Hmm, yeah, now I read the datasheets, it's longer than I assumed - in the order of seconds. For example, a Bourns MF-R020 I was looking at is just over 2s @ 1A, and approx. 10s @ 400mA.
Yup! Meanwhile, the TVS is burning, say, 26V at 400mA+ (>10W) for those seconds.
TVSs usually fail shorted (until you reach their own, ahem, fusing current...), so the TVS can still manage to protect the circuit, sacrificing itself in the process. The fuse later clears the short, preventing a fire hazard.
It's a good system, but for almost everything, it's a "your circuit board is toast anyway" situation. Sure, you can repair it, but it's not usually worth doing.
So, the arrangement I want is: 1N4007 > fuse > TVS?
Yes. Or...
On the other hand, if you have an ESD event, the diode might be gone when the TVS starts clamping the voltage.
I've also seem huge diodes blown up when reverse polarized. It was a badly designed crowbar. Not pretty.
I would use bidirectional TVS and put the diode after the fuse and the TVS.

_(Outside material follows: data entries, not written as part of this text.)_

(* Let $d\ge3$ and $\varepsilon\in(0,1]$. Then $$N_{[\,]}(\varepsilon,\mathcal R_d,\|\cdot\|_{L^1})\le\Big(\frac{d^d}{d!}\Big)^2\Big(\frac2\varepsilon-\frac12\Big(1-\frac3d\Big)\Big)^{2d}\le\Big(\frac{d^d}{d!}\Big)^2\Big(\frac2\varepsilon\Big)^{2d}.$$
   Context: Let $I^d=[0,1)^d$ and $\lambda^d$ be Lebesgue measure; all norms are in $L^1(I^d,\lambda^d)$. For $y,z\in I^d$ let $[y,z)=\prod_{i=1}^d[y_i,z_i)$, and let $\mathcal R_d=\{1_{[y,z)}: y,z\in I^d\}$ be the set of indicator functions of half-open axis-parallel boxes in $I^d$. For functions $\ell,u\in L^1$, the bracket $[\ell,u]$ is $\{f\in L^1:\ell\le f\le u\text{ pointwise}\}$; it is an $\varepsilon$-bracket if $\|u-\ell\|_{L^1}\le\varepsilon$. The bracketing number $N_{[\,]}(\varepsilon,\mathcal F,\|\cdot\|_{L^1})$ is the minimal number of $\varepsilon$-brackets whose union contains $\mathcal F$. *)

theory Defs
  imports "HOL-Analysis.Analysis"
begin

text \<open>The dimension d is CARD('n); points of R^d are vectors of type real^'n.\<close>

definition unit_cube :: "(real^'n) set" where
  "unit_cube = {x. \<forall>i. 0 \<le> x$i \<and> x$i < 1}"

definition box_co :: "real^'n \<Rightarrow> real^'n \<Rightarrow> (real^'n) set" where
  "box_co y z = {x. \<forall>i. y$i \<le> x$i \<and> x$i < z$i}"

definition L1_cube :: "(real^'n \<Rightarrow> real) \<Rightarrow> bool" where
  "L1_cube f \<longleftrightarrow> set_integrable lborel (unit_cube :: (real^'n) set) f"

definition L1_norm :: "(real^'n \<Rightarrow> real) \<Rightarrow> real" where
  "L1_norm f = (LINT x:(unit_cube :: (real^'n) set)|lborel. \<bar>f x\<bar>)"

definition bracket :: "(real^'n \<Rightarrow> real) \<Rightarrow> (real^'n \<Rightarrow> real) \<Rightarrow> (real^'n \<Rightarrow> real) set" where
  "bracket l u = {f. L1_cube f \<and> (\<forall>x\<in>unit_cube. l x \<le> f x \<and> f x \<le> u x)}"

definition eps_bracket :: "real \<Rightarrow> (real^'n \<Rightarrow> real) \<Rightarrow> (real^'n \<Rightarrow> real) \<Rightarrow> bool" where
  "eps_bracket eps l u \<longleftrightarrow> L1_cube l \<and> L1_cube u \<and> L1_norm (\<lambda>x. u x - l x) \<le> eps"

text \<open>Minimal number of eps-brackets covering F (infinity if none).\<close>
definition bracketing_number :: "real \<Rightarrow> (real^'n \<Rightarrow> real) set \<Rightarrow> ereal" where
  "bracketing_number eps F =
     (INF B \<in> {B. finite B \<and> (\<forall>(l,u)\<in>B. eps_bracket eps l u)
                 \<and> F \<subseteq> (\<Union>(l,u)\<in>B. bracket l u)}. ereal (real (card B)))"

definition rect_class :: "(real^'n \<Rightarrow> real) set" where
  "rect_class = {indicator (box_co y z) | y z. y \<in> unit_cube \<and> z \<in> unit_cube}"

end

theory Submission
  imports Defs
begin

text \<open>Order the coordinates and round a box \<open>[y, z)\<close> coordinate by coordinate: the first
  coordinate to a grid of \<open>N\<close> cells, and each later one to a grid with as many cells as the
  previous inner interval contains. The inner and outer rounded boxes form a bracket; their
  difference lies in \<open>2d\<close> slabs, and the choice of resolutions makes each slab have measure at
  most \<open>1/N\<close>, so with \<open>N = \<lceil>2d/\<epsilon>\<rceil>\<close> this is an \<open>\<epsilon>\<close>-bracket. Counting the possible roundings gives
  at most \<open>\<Sum>i\<le>d. (N + i) choose 2i\<close> brackets, and this sum is estimated by pairing the factors of the
  falling factorials and a lower bound for the central binomial coefficient.\<close>

section \<open>Sums of binomial coefficients\<close>

definition sum_binom_even :: "nat \<Rightarrow> nat \<Rightarrow> nat" where
  "sum_binom_even m N = (\<Sum>i\<le>m. (N + i) choose (2 * i))"

definition sum_binom_odd :: "nat \<Rightarrow> nat \<Rightarrow> nat" where
  "sum_binom_odd m N = (\<Sum>i<m. (N + i + 1) choose (2 * i + 1))"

Either way has valid reasons!
If you're expecting a suitably dangerous amount of negative transient/surge, the series diode can get toasted. It does allow a higher reverse rating, though -- if you
really needed to handle a big reverse surge, the nice thing is, you can use a 1N4007 (which hardly drops any more Vf) to get a 1kV reverse rating, then put on basically any value MOV (say, 50V to 300V), and have that reverse surge handled better than anything.
You can employ a similar strategy in the forward direction, but you have the added difficulty of limiting the circuit's load voltage (which the LDO does to a point, but if you need considerably more than 30V, well...). If you can get a huge compliance range, though, you can do away with pricey TVSs and use a big dumb MOV there -- and gulp down mondo surges like it's nothing!
Probably not something you'd do for most any automotive application, but it would be an excellent approach for high-reliability and mission-critical (aerospace, military) gear.
Is there any point me using an LM2931 now I have a discrete reverse-polarity diode and the TVS? I initially chose it because of its built-in reverse-polarity and load dump protection, but I guess this is redundant now I have external counter-measures (because I want some 'safe' 12V as well, not just for 5V). Would I now be just as well-off using a cheap LM7805/LM78L05?
Well, an LDO will get you a lower minimum input voltage -- maybe good for low-battery or cranking conditions. If you don't need that, a regular 7805 isn't bad.
Why do radial through-hole PTC fuse packages have such a large lead stand-off height from the board?
Remember how they have to heat up to "open"?
SMT polyfuses are dubious components. Current rating depends on how they're wired up -- you want to avoid connecting to them with heavy copper pours, because you can easily double the trip current by dissipating heat. (And that's on top of the already-poor tolerance on the trip current, which is all the more reason to remember -- they're for fire protection, not protecting the attached device!)
You also want to avoid placing them near super-hot components (resistors, heatsinks?), for the same reason -- if the trip point is when the active PTC-stuff reaches ~150C, that means your trip current also goes to zero, as ambient goes to 150C! If you need an 85C maximum ambient, you need twice the (trip at 25C ambient) rating just to keep the thing running normally!
They're also rather unreliable, so don't depend on them for anything critical. It's a CYA component -- as a fuse should only ever be.
If you need limiting, put in a current-limiting or protecting circuit -- and expect to pay for it as well (reliability isn't free!).